There are websites that claim all women have the deep spot and it is a guaranteed trigger to experience an orgasm. They suggest stimulating the deep spot with the same firm “come hither” motion on the front wall of the vagina but with your middle finger in as far as it can reach. Don’t add more pressure to yourself, but feel the freedom to explore the pathways to pleasure God gave you.
Similar to the G-spot, the Deep spot may be another possibility, another flavor to explore. When you are highly aroused, have your husband travel to the deep spot with the pad of his finger. During intercourse pay attention to sensations during deep penetration. What kind of movements feel good? What is your mind doing? How does it feel? How and when can you access the Deep spot.
3 Pathways to Pleasure
Understanding these 3 pathways – Clitoral, G-spot and Deep spot – can help you tweak sex so that you can experience more pleasure during intercourse. Instead of trying the same thing, what adjustments can you make to try to access the pathway of your pleasure. How can you align your bodies? What pace or motion works best? What can you discover and show your husband?
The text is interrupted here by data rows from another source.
lemma wsum_le_wsum_ch:
  fixes w :: "'a::linorder \<Rightarrow> real"
  assumes "finite Y" "\<forall>y\<in>Y. 0 \<le> w y" "Y'' \<subseteq> Y"
    and "wsum w Y'' \<le> max B (wsum w (ch w B Y))"
  shows "wsum w Y'' \<le> wsum w (ch w B Y)"
proof -
  have ch_sub: "ch w B Y \<subseteq> Y"
    using assms(1,2) by (rule ch_subset)
  consider "B \<le> wsum w (ch w B Y)" | "ch w B Y = Y" | "wsum w (ch w B Y) < B" "ch w B Y \<noteq> Y"
    by linarith
  then show ?thesis
  proof cases
    case 1
    then show ?thesis using assms(4) by simp
  next
    case 2
    then show ?thesis using assms(1-3) wsum_mono by metis
  next
    case 3
    have "Y \<noteq> {}"
      using 3(2) by (auto simp: ch_def)
    then obtain t where t: "rank_max w Y t"
      using assms(1) ex_rank_max by blast
    obtain z where z: "z \<in> Y - ch w B Y" "\<forall>y\<in>Y - ch w B Y. rank w z \<le> rank w y"
      using ex_rank_min[of "Y - ch w B Y" w] assms(1) ch_sub 3(2) by blast
    have accepted_below: "y \<in> ch w B Y - {t}" if "y \<in> Y" "rank w y < rank w z" for y
      using that z t by (auto simp: rank_max_def not_le[symmetric])
    have heavy_z: "B/2 < w z"
      using assms(1,2) t 3(1) z(1) by (rule rejected_wage_gt_half) (use accepted_below in blast)
    have light: "{y \<in> Y''. w y \<le> B/2} \<subseteq> ch w B Y - {t}"
    proof
      fix y
      assume "y \<in> {y \<in> Y''. w y \<le> B/2}"
      then have "y \<in> Y" "w y < w z"
        using assms(3) heavy_z by auto
      then show "y \<in> ch w B Y - {t}"
        using accepted_below rank_less_if_wage_less by blast
    qed
    have "finite Y''" "finite (ch w B Y)"
      using assms(1,3) ch_sub finite_subset by blast+
    moreover have "t \<in> ch w B Y"
      using assms(1) t assms(2) by (rule rank_max_mem_ch)
    moreover have "\<forall>y\<in>Y'' \<union> ch w B Y. 0 \<le> w y" "\<forall>y\<in>Y''. w y \<le> w t"
      using assms(2,3) ch_sub t by (auto simp: rank_max_def wage_le_if_rank_le)
    moreover have "wsum w Y'' \<le> B"
      using assms(4) 3(1) by simp
    ultimately show ?thesis
      using light by (rule wsum_le_wsum_if_covers_light)
  qed
qed

lemma COM_ch:
  fixes w :: "'a::linorder \<Rightarrow> real"
  assumes "finite X" "\<forall>x\<in>X. 0 \<le> w x" "0 \<le> \<gamma>" "\<forall>Y\<subseteq>X. f Y = \<gamma> * wsum w Y"
  shows "COM X B w f (ch w B)"
  unfolding COM_def
proof (intro allI impI)
  fix Y' Y''
  assume Y: "Y'' \<subseteq> Y' \<and> Y' \<subseteq> X \<and> wsum w Y'' \<le> max B (wsum w (ch w B Y'))"
  have fin: "finite Y'" and nonneg: "\<forall>y\<in>Y'. 0 \<le> w y"
    using Y assms(1,2) finite_subset by blast+
  have "wsum w Y'' \<le> wsum w (ch w B Y')"
    using fin nonneg Y by (intro wsum_le_wsum_ch) auto
  moreover have "ch w B Y' \<subseteq> X"
    using ch_subset[OF fin nonneg] Y by blast
  moreover have "Y'' \<subseteq> X"
    using Y by blast
  ultimately show "f Y'' \<le> f (ch w B Y')"
    using assms(3,4) by (simp add: mult_left_mono)
qed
Part of my journey of enjoying sex has been educating myself about my own body and discovering my pathways to pleasure. It is easy to think that our husbands ought to just magically find all of our sweet spots, but I am not sure that is true. I had to spend time exploring new areas and waking my body up. In order to focus on new sensations, without pressure but with thankfulness, I needed to test the waters. Not all orgasms feel the same and I believe we have more to learn. Don’t limit what you experience because you cannot even dream that it can happen. Discover your pathways to orgasm and think about how to make these part of intercourse.